Fight against borrow checker?

I am trying to fight against borrow checker for about 2hours... And I am tired...

use tokio::net::TcpListener;
use std::collections::HashMap;

#[tokio::main]
async fn main() -> Result<(), Box<dyn std::error::Error>> {
    let listener = TcpListener::bind("127.0.0.1:8080").await?;
    let mut clients = HashMap::new();
    loop {
        let (client, socket_addr) = listener.accept().await?;
        println!("Client connected on IP: {}", socket_addr);
        clients.insert(socket_addr, &client);

        tokio::spawn(async move {
            loop {
                //  how to use client object here ?
               let _result_type = client.readable().await;
               // ...
            }
        });
    }
}

The error message is very clear, an that is, when client goes out of loop block, it drop its value,

But how to fix that, I think cloning does not solve it. Even stream doesn't support cloning, Does it?

error[E0597]: `client` does not live long enough
  --> src/main.rs:11:37
   |
11 |         clients.insert(socket_addr, &client);
   |         -------                     ^^^^^^^ borrowed value does not live long enough
   |         |
   |         borrow later used here
...
19 |     }
   |     - `client` dropped here while still borrowed

error[E0505]: cannot move out of `client` because it is borrowed
  --> src/main.rs:13:33
   |
11 |           clients.insert(socket_addr, &client);
   |           -------                     ------- borrow of `client` occurs here
   |           |
   |           borrow later used here
12 | 
13 |           tokio::spawn(async move {
   |  _________________________________^
14 | |             loop {
15 | |                let _result_type = client.readable().await;
   | |                                   ------ move occurs due to use in generator
16 | |                // ...
17 | |             }
18 | |         });
   | |_________^ move out of `client` occurs here
1 Like

Looks like reference counting could solve your problem. Try wrapping the TcpStream in an Rc.

What exactly are you trying to do? Why are you keeping the clients in a map?

Follow the tutorial on how to share state. Rc won't be useful since tokio may schedule each async task on a different thread.

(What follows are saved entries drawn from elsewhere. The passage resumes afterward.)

lemma sum_path_prob_Suc:
  assumes "s \<in> {1..Suc S}"
  shows "(\<Sum>(ss, as)\<in>paths S s (Suc t) \<times> (acts (Suc t) :: 'a::finite list set). path_prob p \<pi> ss as * F ss as) =
    (\<Sum>a\<in>UNIV. \<pi> [] s a * (\<Sum>s'\<in>{1..Suc S}. p s a s' *
       (\<Sum>(ss, as)\<in>paths S s' t \<times> acts t. path_prob p (policy_shift \<pi> s a) ss as * F (s # ss) (a # as))))"
proof -
  have "path_prob p \<pi> (s # ss) (a # as) * F (s # ss) (a # as) =
      \<pi> [] s a * (p s a s' * (path_prob p (policy_shift \<pi> s a) ss as * F (s # ss) (a # as)))"
    if "ss \<in> paths S s' t" for a s' ss as
    using that by (simp add: path_prob_Cons paths_def)
  then show ?thesis
    unfolding sum_paths_acts_Suc[OF assms] sum_distrib_left
    by (intro sum.cong refl) (auto simp: sum_distrib_left)
qed

definition exp_moment :: "nat \<Rightarrow> (nat \<Rightarrow> 'a::finite \<Rightarrow> nat \<Rightarrow> real) \<Rightarrow> (nat \<Rightarrow> 'a \<Rightarrow> nat \<Rightarrow> real) \<Rightarrow> real
    \<Rightarrow> 'a hr_policy \<Rightarrow> nat \<Rightarrow> nat \<Rightarrow> real" where
  "exp_moment S p r \<beta> \<pi> t s =
     (\<Sum>(ss, as)\<in>paths S s t \<times> acts t. path_prob p \<pi> ss as * exp (- \<beta> * path_ret r ss as))"

lemma exp_moment_0: "s \<in> {1..Suc S} \<Longrightarrow> exp_moment S p r \<beta> \<pi> 0 s = 1"
  by (simp add: exp_moment_def paths_0 acts_0 path_prob_def path_ret_def)

lemma exp_moment_Suc:
  assumes "s \<in> {1..Suc S}"
  shows "exp_moment S p r \<beta> \<pi> (Suc t) s = (\<Sum>a\<in>UNIV. \<pi> [] s a *
     (\<Sum>s'\<in>{1..Suc S}. p s a s' * exp (- \<beta> * r s a s') * exp_moment S p r \<beta> (policy_shift \<pi> s a) t s'))"
proof -
  have "(\<Sum>(ss, as)\<in>paths S s' t \<times> acts t. path_prob p \<pi>' ss as * exp (- \<beta> * path_ret r (s # ss) (a # as))) =
      exp (- \<beta> * r s a s') * exp_moment S p r \<beta> \<pi>' t s'" for \<pi>' a s'
    unfolding exp_moment_def sum_distrib_left
    by (intro sum.cong refl) (auto simp: path_ret_Cons paths_def algebra_simps simp flip: exp_add)
  then show ?thesis
    unfolding exp_moment_def[of _ _ _ _ _ "Suc t"] sum_path_prob_Suc[OF assms]
    by (simp add: mult.assoc)
qed

lemma occ_0: "s \<in> {1..Suc S} \<Longrightarrow> occ S p \<pi> s s' 0 = (if s = s' then 1 else 0)"
  by (simp add: occ_def paths_0 acts_0 path_prob_def)

lemma occ_Suc:
  assumes "s \<in> {1..Suc S}"
  shows "occ S p \<pi> s s'' (Suc t) = (\<Sum>a\<in>UNIV. \<pi> [] s a *
     (\<Sum>s'\<in>{1..Suc S}. p s a s' * occ S p (policy_shift \<pi> s a) s' s'' t))"
proof -
  have occ_eq: "occ S p \<pi>' s' s'' n =
      (\<Sum>(ss, as)\<in>paths S s' n \<times> acts n. path_prob p \<pi>' ss as * of_bool (ss ! n = s''))" for \<pi>' s' n
    unfolding occ_def by (intro sum.cong) auto
  show ?thesis
    unfolding occ_eq sum_path_prob_Suc[OF assms] by simp
qed

lemma occ_hr_of_sd_Suc:
  "s \<in> {1..Suc S} \<Longrightarrow> occ S p (hr_of_sd \<pi>) s s'' (Suc t) =
     (\<Sum>s'\<in>{1..Suc S}. p s (\<pi> s) s' * occ S p (hr_of_sd \<pi>) s' s'' t)"
  using sum_hr_of_md[of "\<lambda>_. \<pi>" "[]"] by (simp add: occ_Suc hr_of_sd_eq_hr_of_md)

lemma sum_paths_init_acts:
  fixes \<mu> :: "nat \<Rightarrow> real"
  shows "(\<Sum>(ss, as)\<in>paths_init S n \<times> (acts n :: 'a::finite list set). \<mu> (ss ! 0) * F ss as) =
   (\<Sum>s\<in>{1..S}. \<mu> s * (\<Sum>(ss, as)\<in>paths S s n \<times> acts n. F ss as))"
proof -
  let ?D = "SIGMA s:{1..S}. paths S s n \<times> (acts n :: 'a list set)"
  have "paths_init S n \<times> (acts n :: 'a list set) = snd ` ?D"
    by (force simp: paths_init_def paths_def image_iff)
  moreover have "inj_on snd ?D"
    by (auto simp: inj_on_def paths_def)
  ultimately have "(\<Sum>(ss, as)\<in>paths_init S n \<times> (acts n :: 'a::finite list set). \<mu> (ss ! 0) * F ss as) =
      (\<Sum>(s, ss, as)\<in>?D. \<mu> s * F ss as)"
    by (intro sum.reindex_cong[where l = snd]) (auto simp: paths_def)
  also have "\<dots> = (\<Sum>s\<in>{1..S}. \<Sum>(ss, as)\<in>paths S s n \<times> acts n. \<mu> s * F ss as)"
    by (subst sum.Sigma) (auto simp: finite_paths finite_acts)
  also have "\<dots> = (\<Sum>s\<in>{1..S}. \<mu> s * (\<Sum>(ss, as)\<in>paths S s n \<times> acts n. F ss as))"
    by (simp add: sum_distrib_left split_beta)
  finally show ?thesis .
qed

section \<open>Certainty equivalents and ERM values\<close>

definition cert_equiv :: "real \<Rightarrow> real \<Rightarrow> real" where
  "cert_equiv \<beta> x = - (1 / \<beta>) * ln x"

lemma v_fin_eq_cert_equiv: "v_fin S p r \<beta> \<pi> t s = cert_equiv \<beta> (exp_moment S p r \<beta> \<pi> t s)"
  by (simp add: v_fin_def erm_def exp_moment_def cert_equiv_def split_beta)

lemma g_fin_eq_cert_equiv:
  "g_fin S p r \<mu> \<beta> \<pi> t = cert_equiv \<beta> (\<Sum>s\<in>{1..S}. \<mu> s * exp_moment S p r \<beta> \<pi> (Suc t) s)"
  using sum_paths_init_acts[where F = "\<lambda>ss as. path_prob p \<pi> ss as * exp (- \<beta> * path_ret r ss as)"]
  by (simp add: g_fin_def erm_def cert_equiv_def exp_moment_def split_beta mult.assoc)

lemma v_inf_hr_of_sd_le_v_inf_star: "v_inf S p r \<beta> (hr_of_sd \<pi>) s \<le> v_inf_star S p r \<beta> s"
  unfolding v_inf_def v_inf_star_def v_star_def hr_of_sd_eq_hr_of_md
  by (intro Liminf_mono always_eventually allI SUP_upper) simp

lemma cert_equiv_antimono: "0 < \<beta> \<Longrightarrow> 0 < x \<Longrightarrow> x \<le> y \<Longrightarrow> cert_equiv \<beta> y \<le> cert_equiv \<beta> x"
  by (simp add: cert_equiv_def divide_right_mono)

lemma exp_cert_equiv: "\<beta> \<noteq> 0 \<Longrightarrow> 0 < x \<Longrightarrow> exp (- \<beta> * cert_equiv \<beta> x) = x"
  by (simp add: cert_equiv_def)

lemma SUP_cert_equiv_attained:
  assumes "0 < \<beta>" "0 < w" "\<And>x. x \<in> A \<Longrightarrow> w \<le> f x" "x\<^sub>0 \<in> A" "f x\<^sub>0 = w"
  shows "(SUP x\<in>A. ereal (cert_equiv \<beta> (f x))) = ereal (cert_equiv \<beta> w)"
proof (rule antisym)
  show "(SUP x\<in>A. ereal (cert_equiv \<beta> (f x))) \<le> ereal (cert_equiv \<beta> w)"
    using assms(1-3) by (intro SUP_least) (simp add: cert_equiv_antimono)
  show "ereal (cert_equiv \<beta> w) \<le> (SUP x\<in>A. ereal (cert_equiv \<beta> (f x)))"
    using assms(4,5) by (intro SUP_upper2) auto
qed

lemma tendsto_cert_equiv:
  assumes "(f \<longlongrightarrow> L) F" "0 < L"
  shows "((\<lambda>x. ereal (cert_equiv \<beta> (f x))) \<longlongrightarrow> ereal (cert_equiv \<beta> L)) F"
  unfolding lim_ereal cert_equiv_def using assms by (intro tendsto_intros) auto

lemma tendsto_cert_equiv_at_top:
  assumes "0 < \<beta>" "filterlim f at_top F"
  shows "((\<lambda>x. ereal (cert_equiv \<beta> (f x))) \<longlongrightarrow> -\<infinity>) F"
  unfolding tendsto_MInfty
proof
  fix c :: real
  have "\<forall>\<^sub>F x in F. - \<beta> * c + 1 \<le> ln (f x)"
    using filterlim_compose[OF ln_at_top assms(2)] by (simp add: filterlim_at_top)
  then show "\<forall>\<^sub>F x in F. ereal (cert_equiv \<beta> (f x)) < ereal c"
    by eventually_elim (use assms(1) in \<open>auto simp: cert_equiv_def field_simps\<close>)
qed

lemma erm_mu_cong: "(\<And>s. s \<in> {1..S} \<Longrightarrow> v s = v' s) \<Longrightarrow> erm_mu S \<mu> \<beta> v = erm_mu S \<mu> \<beta> v'"
proof -
  assume eq: "\<And>s. s \<in> {1..S} \<Longrightarrow> v s = v' s"
  then have "(\<exists>s\<in>{1..S}. 0 < \<mu> s \<and> v s = -\<infinity>) = (\<exists>s\<in>{1..S}. 0 < \<mu> s \<and> v' s = -\<infinity>)"
    and dom: "{s\<in>{1..S}. v s \<noteq> \<infinity>} = {s\<in>{1..S}. v' s \<noteq> \<infinity>}"
    by auto
  moreover have "(\<Sum>s\<in>{s\<in>{1..S}. v s \<noteq> \<infinity>}. \<mu> s * exp (- \<beta> * real_of_ereal (v s))) =
      (\<Sum>s\<in>{s\<in>{1..S}. v' s \<noteq> \<infinity>}. \<mu> s * exp (- \<beta> * real_of_ereal (v' s)))"
    unfolding dom using eq by (intro sum.cong) auto
  ultimately show ?thesis
    unfolding erm_mu_def by presburger
qed

lemma erm_mu_MInfty: "s \<in> {1..S} \<Longrightarrow> 0 < \<mu> s \<Longrightarrow> v s = -\<infinity> \<Longrightarrow> erm_mu S \<mu> \<beta> v = -\<infinity>"
  unfolding erm_mu_def by auto

lemma erm_mu_ereal:
  assumes "\<And>s. s \<in> {1..S} \<Longrightarrow> v s = ereal (x s)" "0 < (\<Sum>s\<in>{1..S}. \<mu> s * exp (- \<beta> * x s))"
  shows "erm_mu S \<mu> \<beta> v = ereal (cert_equiv \<beta> (\<Sum>s\<in>{1..S}. \<mu> s * exp (- \<beta> * x s)))"
proof -
  have "{s\<in>{1..S}. v s \<noteq> \<infinity>} = {1..S}"
    using assms(1) by auto
  then show ?thesis
    using assms by (simp add: erm_mu_def cert_equiv_def)
qed

lemma erm_mu_mono:
  assumes "0 < \<beta>" and \<mu>_pos: "\<And>s. s \<in> {1..S} \<Longrightarrow> 0 < \<mu> s"
    and le: "\<And>s. s \<in> {1..S} \<Longrightarrow> v s \<le> v' s"
  shows "erm_mu S \<mu> \<beta> v \<le> erm_mu S \<mu> \<beta> v'"
proof (cases "\<exists>s\<in>{1..S}. 0 < \<mu> s \<and> v s = -\<infinity>")
  case True
  then show ?thesis by (simp add: erm_mu_def)
next
  case False
  with \<mu>_pos have v_fin: "v s \<noteq> -\<infinity>" if "s \<in> {1..S}" for s
    using that by blast
  with le have v'_fin: "v' s \<noteq> -\<infinity>" if "s \<in> {1..S}" for s
    using that by (metis MInfty_eq_minfinity ereal_infty_less_eq(2))
  define Z where "Z w = (\<Sum>s\<in>{s\<in>{1..S}. w s \<noteq> \<infinity>}. \<mu> s * exp (- \<beta> * real_of_ereal (w s)))" for w
  have dom: "{s\<in>{1..S}. v' s \<noteq> \<infinity>} \<subseteq> {s\<in>{1..S}. v s \<noteq> \<infinity>}"
    using le by (force simp: top_unique)
  have "Z v' \<le> (\<Sum>s\<in>{s\<in>{1..S}. v' s \<noteq> \<infinity>}. \<mu> s * exp (- \<beta> * real_of_ereal (v s)))"
    unfolding Z_def
  proof (intro sum_mono mult_left_mono)
    fix s assume s: "s \<in> {s\<in>{1..S}. v' s \<noteq> \<infinity>}"
    with dom v_fin v'_fin le[of s] have "real_of_ereal (v s) \<le> real_of_ereal (v' s)"
      by (cases "v s"; cases "v' s") auto
    with \<open>0 < \<beta>\<close> show "exp (- \<beta> * real_of_ereal (v' s)) \<le> exp (- \<beta> * real_of_ereal (v s))"
      by simp
    show "0 \<le> \<mu> s" using s \<mu>_pos by (simp add: less_imp_le)
  qed
  also have "\<dots> \<le> Z v"
    unfolding Z_def using dom \<mu>_pos by (intro sum_mono2) (auto intro: less_imp_le)
  finally have Z_le: "Z v' \<le> Z v" .
  have erm_eq: "erm_mu S \<mu> \<beta> w = (if Z w = 0 then \<infinity> else ereal (cert_equiv \<beta> (Z w)))"
    if "\<And>s. s \<in> {1..S} \<Longrightarrow> w s \<noteq> -\<infinity>" for w
    using that unfolding erm_mu_def Z_def cert_equiv_def by auto
  have "0 \<le> Z v'"
    unfolding Z_def using \<mu>_pos by (intro sum_nonneg mult_nonneg_nonneg) (auto simp: less_imp_le)
  with Z_le show ?thesis
    using erm_eq[of v] erm_eq[of v'] v_fin v'_fin cert_equiv_antimono[OF \<open>0 < \<beta>\<close>] by auto
qed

This is never going to work. Don't put the socket into a hash map. Don't try to clone the socket. Don't try to reference count the socket with Rc or Arc. When you work with sockets, every socket should have exactly one owner, or it should be split in to a read and write half, with each half having a single owner.

If you want something to put in a map, you should build an actor and store the actor handle. There's an example here, which implements a chat server.

5 Likes

I suppose it would be possible to put the socket in a hashmap, but then where to go from there. The map would take ownership, which means you'd have to lock and borrow the entire hashmap for anything you'd want to do with the socket (including sending/receiving data), which in turn means you'd have a serial (non-concurrent) application.

This particular problem can be solved by storing Mutex<Socket> in the hash map instead. (Not to say I'm recommending it.)

There are some things you can try where you put the socket in the map and access it in the map when you need it, or you use a lock, but I've seen quite a few people try them, and it always turns out poorly in my experience. Actors are just a much better pattern for this kind of problem.

"Don't put the socket into a hash map. Don't try to clone the socket. Don't try to reference count the socket with Rc or Arc . Every socket should have exactly one owner" -

But why @alice ? specially with Rc or Arc? Or is there any alternative, to share multiple shared reference across deep scoop?

What are those disadvantage, If I put the socket into a hash map?...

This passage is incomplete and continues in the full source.